Selintas Kisah, Beluntas dan Pendiri Gudang Garam

Celah sejarah bisa mendadak terbuka, di saat tanpa sengaja mendengar cerita yang tidak mengemuka. Hanya sayup terdengar, berpendar di lorong jalan, berdenyut di pasar, atau di kerumunan orang yang mengantri nasi di warung pecel. Namun kisahnya terus berjalan, diulang-ulang, dan tanpa sadar menjadi inspirasi yang mengiringi kehidupan sehari-hari. Seperti kisah antara tanaman beluntas dan Tjoa Jien Hwie alias Surya Wonowidjojo, sang pendiri perusahaan rokok PT Gudang Garam Tbk., Kediri, Jawa Timur.
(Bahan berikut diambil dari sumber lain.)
(* Consider a generalized Nash equilibrium problem with $N$ players in which the $i$th player, given $x_{-i}$, solves $\min_{x_i\in\mathbb{R}^{n_i}} f_i(x_i,x_{-i})$ subject to $g_i(x_i,x_{-i})\ge 0$, where $f_i$ and the components of $g_i$ are real polynomials in $x=(x_1,\dots,x_N)\in\mathbb{R}^n$. Suppose that there exists a nonempty closed set $X\subseteq\mathbb{R}^n$ and closed sets $D_i\subseteq\mathbb{R}^{n_i}$ with $(D_1\times\cdots\times D_N)\cap X\neq\emptyset$ such that $X_i(x_{-i})=\{x_i\in D_i:(x_i,x_{-i})\in X\}$ for all players $i$ and all $x_{-i}$. For each $i$ let \[ K_i=\{(x_i,y_i,x_{-i})\in\mathbb{R}^{n_i}\times\mathbb{R}^{n_i}\times\mathbb{R}^{n-n_i}:\ x_i,y_i\in X_i(x_{-i}),\ f_i(y_i,x_{-i})-f_i(x_i,x_{-i})\ge 0\}, \] and write $\triangle P_i=P(y_i,x_{-i})-P(x_i,x_{-i})$, $\triangle f_i=f_i(y_i,x_{-i})-f_i(x_i,x_{-i})$. If there exist polynomials $P\in\mathbb{R}[x]$ and $p_{i,0},p_{i,1}\in\mathbb{R}[x_i,y_i,x_{-i}]$ ($i=1,\dots,N$) such that $p_{i,0}\ge 0$ and $p_{i,1}\ge 0$ on $K_i$ and \[ \triangle P_i=(p_{i,0}+1)\,\triangle f_i+p_{i,1} \] (as an identity) for all $i$, then the problem is a generalized potential game.
   Context: Notation: $x_{-i}=(x_1,\dots,x_{i-1},x_{i+1},\dots,x_N)$, $(y_i,x_{-i})$ is the point whose $i$th block is $y_i$ and other blocks are $x_{-i}$, and $X_i(x_{-i})=\{x_i: g_i(x_i,x_{-i})\ge 0\}$ is player $i$'s feasible set. Definition: the problem is a generalized potential game (GPG) if (i) there is a nonempty closed set $X\subseteq\mathbb{R}^n$ and closed sets $D_i\subseteq\mathbb{R}^{n_i}$ with $(D_1\times\cdots\times D_N)\cap X\ne\emptyset$ such that $X_i(x_{-i})=\{x_i\in D_i:(x_i,x_{-i})\in X\}$ for all players; and (ii) there exist a continuous function $P:\mathbb{R}^n\to\mathbb{R}$ and a forcing function $\sigma:\mathbb{R}_+\to\mathbb{R}_+$ (i.e., $\lim_k\sigma(t_k)=0$ implies $\lim_k t_k=0$) such that for all $i$, all $x_{-i}$ and all $y_i,x_i\in X_i(x_{-i})$: if $f_i(y_i,x_{-i})-f_i(x_i,x_{-i})>0$ then $P(y_i,x_{-i})-P(x_i,x_{-i})\ge\sigma\big(f_i(y_i,x_{-i})-f_i(x_i,x_{-i})\big)$. *)

theory Defs
  imports "HOL-Analysis.Analysis"
begin

text \<open>Player indices are 0..<N; player i has n i variables.
 A point x of R^n is a function x :: nat \<Rightarrow> nat \<Rightarrow> real, where x i j is the
 j-th coordinate of player i; coordinates outside the index range are 0.
 A block x_i of R^{n_i} is a function nat \<Rightarrow> real vanishing for j \<ge> n i.
 The point (y_i, x_{-i}) is x(i := y).\<close>

type_synonym point = "nat \<Rightarrow> nat \<Rightarrow> real"
type_synonym block = "nat \<Rightarrow> real"

definition pts :: "nat \<Rightarrow> (nat \<Rightarrow> nat) \<Rightarrow> point set" where
  "pts N n = {x. \<forall>i j. \<not> (i < N \<and> j < n i) \<longrightarrow> x i j = 0}"

definition blk :: "(nat \<Rightarrow> nat) \<Rightarrow> nat \<Rightarrow> block set" where
  "blk n i = {y. \<forall>j. n i \<le> j \<longrightarrow> y j = 0}"

inductive polyfun :: "('a \<Rightarrow> real) set \<Rightarrow> ('a \<Rightarrow> real) \<Rightarrow> bool" for V where
  pconst: "polyfun V (\<lambda>_. c)"
| pvar: "v \<in> V \<Longrightarrow> polyfun V v"
| padd: "polyfun V p \<Longrightarrow> polyfun V q \<Longrightarrow> polyfun V (\<lambda>a. p a + q a)"
| pmult: "polyfun V p \<Longrightarrow> polyfun V q \<Longrightarrow> polyfun V (\<lambda>a. p a * q a)"

definition poly_x :: "nat \<Rightarrow> (nat \<Rightarrow> nat) \<Rightarrow> (point \<Rightarrow> real) \<Rightarrow> bool" where
  "poly_x N n p = polyfun {(\<lambda>x. x i j) | i j. i < N \<and> j < n i} p"

definition poly_xy :: "nat \<Rightarrow> (nat \<Rightarrow> nat) \<Rightarrow> nat \<Rightarrow> (point \<times> block \<Rightarrow> real) \<Rightarrow> bool" where
  "poly_xy N n i p = polyfun ({(\<lambda>(x, y). x k j) | k j. k < N \<and> j < n k}
                              \<union> {(\<lambda>(x, y). y j) | j. j < n i}) p"

text \<open>Feasible set X_i(x_{-i}) = {x_i : g_i(x_i, x_{-i}) \<ge> 0}, g_i having m i components.\<close>
definition feas :: "(nat \<Rightarrow> nat) \<Rightarrow> (nat \<Rightarrow> nat) \<Rightarrow> (nat \<Rightarrow> nat \<Rightarrow> point \<Rightarrow> real)
                     \<Rightarrow> nat \<Rightarrow> point \<Rightarrow> block set" where
  "feas n m g i x = {y \<in> blk n i. \<forall>k < m i. g i k (x(i := y)) \<ge> 0}"

definition forcing :: "(real \<Rightarrow> real) \<Rightarrow> bool" where
  "forcing \<sigma> \<longleftrightarrow> (\<forall>t. t \<ge> 0 \<longrightarrow> \<sigma> t \<ge> 0) \<and>
     (\<forall>t :: nat \<Rightarrow> real. (\<forall>k. t k \<ge> 0) \<longrightarrow> (\<lambda>k. \<sigma> (t k)) \<longlonglongrightarrow> 0 \<longrightarrow> t \<longlonglongrightarrow> 0)"

definition gen_potential_game ::
  "nat \<Rightarrow> (nat \<Rightarrow> nat) \<Rightarrow> (nat \<Rightarrow> nat) \<Rightarrow> (nat \<Rightarrow> point \<Rightarrow> real)
     \<Rightarrow> (nat \<Rightarrow> nat \<Rightarrow> point \<Rightarrow> real) \<Rightarrow> bool" where
  "gen_potential_game N n m f g \<longleftrightarrow>
     (\<exists>X D. X \<noteq> {} \<and> X \<subseteq> pts N n \<and> closed X \<and>
        (\<forall>i < N. D i \<subseteq> blk n i \<and> closed (D i)) \<and>
        (\<exists>x \<in> X. \<forall>i < N. x i \<in> D i) \<and>
        (\<forall>i < N. \<forall>x \<in> pts N n. feas n m g i x = {y \<in> D i. x(i := y) \<in> X}))
   \<and> (\<exists>P \<sigma>. continuous_on (pts N n) P \<and> forcing \<sigma> \<and>
        (\<forall>i < N. \<forall>x \<in> pts N n. \<forall>y \<in> feas n m g i x. \<forall>z \<in> feas n m g i x.
           f i (x(i := y)) - f i (x(i := z)) > 0 \<longrightarrow>
           P (x(i := y)) - P (x(i := z)) \<ge> \<sigma> (f i (x(i := y)) - f i (x(i := z)))))"

end

theory Submission
  imports Defs
begin

text \<open>The identity serves as forcing function. Where \<open>\<triangle>f\<^sub>i > 0\<close>, the identity
  \<open>\<triangle>P\<^sub>i = (p\<^sub>i\<^sub>0 + 1) \<triangle>f\<^sub>i + p\<^sub>i\<^sub>1\<close> with nonnegative multipliers gives
  \<open>\<triangle>P\<^sub>i \<ge> \<triangle>f\<^sub>i\<close>. Two feasible responses \<open>y\<^sub>i, z\<^sub>i\<close> are compared by applying
  the identity at the base point \<open>(z\<^sub>i, x\<^sub>-\<^sub>i)\<close>, which lies in \<open>K\<^sub>i\<close> together with
  \<open>y\<^sub>i\<close>. Polynomiality is only needed for the continuity of \<open>P\<close>; the closed-set
  description of the feasible sets is itself a hypothesis.\<close>

lemma continuous_on_polyfun:
  assumes "polyfun V p" and "\<forall>v\<in>V. continuous_on S v"
  shows "continuous_on S p"
  using assms by (induction rule: polyfun.induct) (simp_all add: continuous_on_add continuous_on_mult)

lemma continuous_on_point_coordinate: "continuous_on S (\<lambda>x::point. x i j)"
proof -
  have "continuous_on UNIV (\<lambda>x::point. x i j)"
    using continuous_on_compose2[OF continuous_on_product_coordinates[of j]
        continuous_on_product_coordinates[of i]]
    by simp
  then show ?thesis using continuous_on_subset by blast
qed

lemma continuous_on_poly_x:
  assumes "poly_x N n p"
  shows "continuous_on S p"
  using assms unfolding poly_x_def
  by (rule continuous_on_polyfun) (auto intro: continuous_on_point_coordinate)

lemma forcing_id: "forcing (\<lambda>t. t)"
  unfolding forcing_def by auto

lemma feas_fun_upd_same [simp]: "feas n m g i (x(i := z)) = feas n m g i x"
  unfolding feas_def by simp

lemma fun_upd_in_pts:
  assumes "x \<in> pts N n" and "z \<in> blk n i" and "i < N"
  shows "x(i := z) \<in> pts N n"
  using assms unfolding pts_def blk_def by auto

lemma increment_ge_of_multiplier_identity:
  fixes dP df p0 p1 :: real
  assumes "dP = (p0 + 1) * df + p1" and "p0 \<ge> 0" and "p1 \<ge> 0" and "df > 0"
  shows "dP \<ge> df"
proof -
  have "p0 * df \<ge> 0" using assms by simp
  then show ?thesis using assms by (simp add: algebra_simps)
qed

lemma potential_increment_ge_cost_increment:
  fixes f :: "nat \<Rightarrow> point \<Rightarrow> real" and P :: "point \<Rightarrow> real"
    and p0 p1 :: "nat \<Rightarrow> point \<times> block \<Rightarrow> real"
  assumes p_nonneg: "\<forall>i < N. \<forall>x \<in> pts N n. \<forall>y \<in> blk n i.
        (x i \<in> feas n m g i x \<and> y \<in> feas n m g i x \<and> f i (x(i := y)) - f i x \<ge> 0)
        \<longrightarrow> p0 i (x, y) \<ge> 0 \<and> p1 i (x, y) \<ge> 0"
    and ident: "\<forall>i < N. \<forall>x \<in> pts N n. \<forall>y \<in> blk n i.
        P (x(i := y)) - P x = (p0 i (x, y) + 1) * (f i (x(i := y)) - f i x) + p1 i (x, y)"
  shows "\<forall>i < N. \<forall>x \<in> pts N n. \<forall>y \<in> feas n m g i x. \<forall>z \<in> feas n m g i x.
      f i (x(i := y)) - f i (x(i := z)) > 0 \<longrightarrow>
      P (x(i := y)) - P (x(i := z)) \<ge> f i (x(i := y)) - f i (x(i := z))"
proof (intro allI impI ballI)
  fix i x y z
  assume i: "i < N" and x: "x \<in> pts N n" and y: "y \<in> feas n m g i x"
    and z: "z \<in> feas n m g i x" and increase: "f i (x(i := y)) - f i (x(i := z)) > 0"
  let ?x = "x(i := z)"
  have y_blk: "y \<in> blk n i" and z_blk: "z \<in> blk n i"
    using y z unfolding feas_def by auto
  have x_pts: "?x \<in> pts N n" using fun_upd_in_pts[OF x z_blk i] .
  have identity: "P (x(i := y)) - P ?x
      = (p0 i (?x, y) + 1) * (f i (x(i := y)) - f i ?x) + p1 i (?x, y)"
    using ident[rule_format, OF i x_pts y_blk] by (simp only: fun_upd_upd)
  have "?x i \<in> feas n m g i ?x \<and> y \<in> feas n m g i ?x \<and> f i (?x(i := y)) - f i ?x \<ge> 0"
    using y z increase by simp
  then have "p0 i (?x, y) \<ge> 0 \<and> p1 i (?x, y) \<ge> 0"
    using p_nonneg[rule_format, OF i x_pts y_blk] by blast
  then show "P (x(i := y)) - P ?x \<ge> f i (x(i := y)) - f i ?x"
    by (elim conjE) (rule increment_ge_of_multiplier_identity[OF identity _ _ increase])
qed

theorem lemma4p5:
  fixes N :: nat and n m :: "nat \<Rightarrow> nat"
    and f :: "nat \<Rightarrow> point \<Rightarrow> real" and g :: "nat \<Rightarrow> nat \<Rightarrow> point \<Rightarrow> real"
    and X :: "point set" and D :: "nat \<Rightarrow> block set"
    and P :: "point \<Rightarrow> real" and p0 p1 :: "nat \<Rightarrow> point \<times> block \<Rightarrow> real"
  assumes f_poly: "\<forall>i < N. poly_x N n (f i)"
    and g_poly: "\<forall>i < N. \<forall>k < m i. poly_x N n (g i k)"
    and X_ne: "X \<noteq> {}" and X_sub: "X \<subseteq> pts N n" and X_closed: "closed X"
    and D_sub: "\<forall>i < N. D i \<subseteq> blk n i" and D_closed: "\<forall>i < N. closed (D i)"
    and DX_ne: "\<exists>x \<in> X. \<forall>i < N. x i \<in> D i"
    and feas_eq: "\<forall>i < N. \<forall>x \<in> pts N n. feas n m g i x = {y \<in> D i. x(i := y) \<in> X}"
    and P_poly: "poly_x N n P"
    and p0_poly: "\<forall>i < N. poly_xy N n i (p0 i)"
    and p1_poly: "\<forall>i < N. poly_xy N n i (p1 i)"
    and p_nonneg: "\<forall>i < N. \<forall>x \<in> pts N n. \<forall>y \<in> blk n i.
        (x i \<in> feas n m g i x \<and> y \<in> feas n m g i x \<and> f i (x(i := y)) - f i x \<ge> 0)
        \<longrightarrow> p0 i (x, y) \<ge> 0 \<and> p1 i (x, y) \<ge> 0"
    and ident: "\<forall>i < N. \<forall>x \<in> pts N n. \<forall>y \<in> blk n i.
        P (x(i := y)) - P x = (p0 i (x, y) + 1) * (f i (x(i := y)) - f i x) + p1 i (x, y)"
  shows "gen_potential_game N n m f g"
proof -
  note P_cont = continuous_on_poly_x[OF P_poly, of "pts N n"]
  note potential_ineq = potential_increment_ge_cost_increment[OF p_nonneg ident]
  show ?thesis
    unfolding gen_potential_game_def
    by (intro conjI exI[of _ X] exI[of _ D] exI[of _ P] exI[of _ "\<lambda>t. t"])
      (use X_ne X_sub X_closed D_sub D_closed DX_ne feas_eq P_cont forcing_id potential_ineq
        in blast)+
qed

end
Siapa yang tidak mengenal tanaman beluntas: jenis tanaman perdu yang berkeliaran di seluruh zona tropis di seluruh dunia. Memiliki nama ilmiah plucea indica (L), untuk tumbuh normal, tanaman yang dalam bahasa Jawa disebut luntas ini, membutuhkan banyak sinar matahari. Karena mampu tumbuh di lahan gersang sekalipun, beluntas banyak hidup di tengah pemukiman, difungsikan menjadi pagar tanaman atau pembatas kepemilikan tanah.

Kawasan pabrik PT Gudang Garam Tbk. adalah tempat yang tidak luput dari perkembangbiakan tanaman berdaun bulat telor ini. Bahkan, menjadi saksi bisu perkembangan perusahaan yang kini masuk dalam triumvirat pabrik rokok terbesar di Indonesia. Sejak rintisan pabrik didirikan di atas lahan 1.000 meter persegi pada 26 Juni 1958, hingga pada tahun 2013 meluas ke areal 208 hektare, beluntas setia mendampingi.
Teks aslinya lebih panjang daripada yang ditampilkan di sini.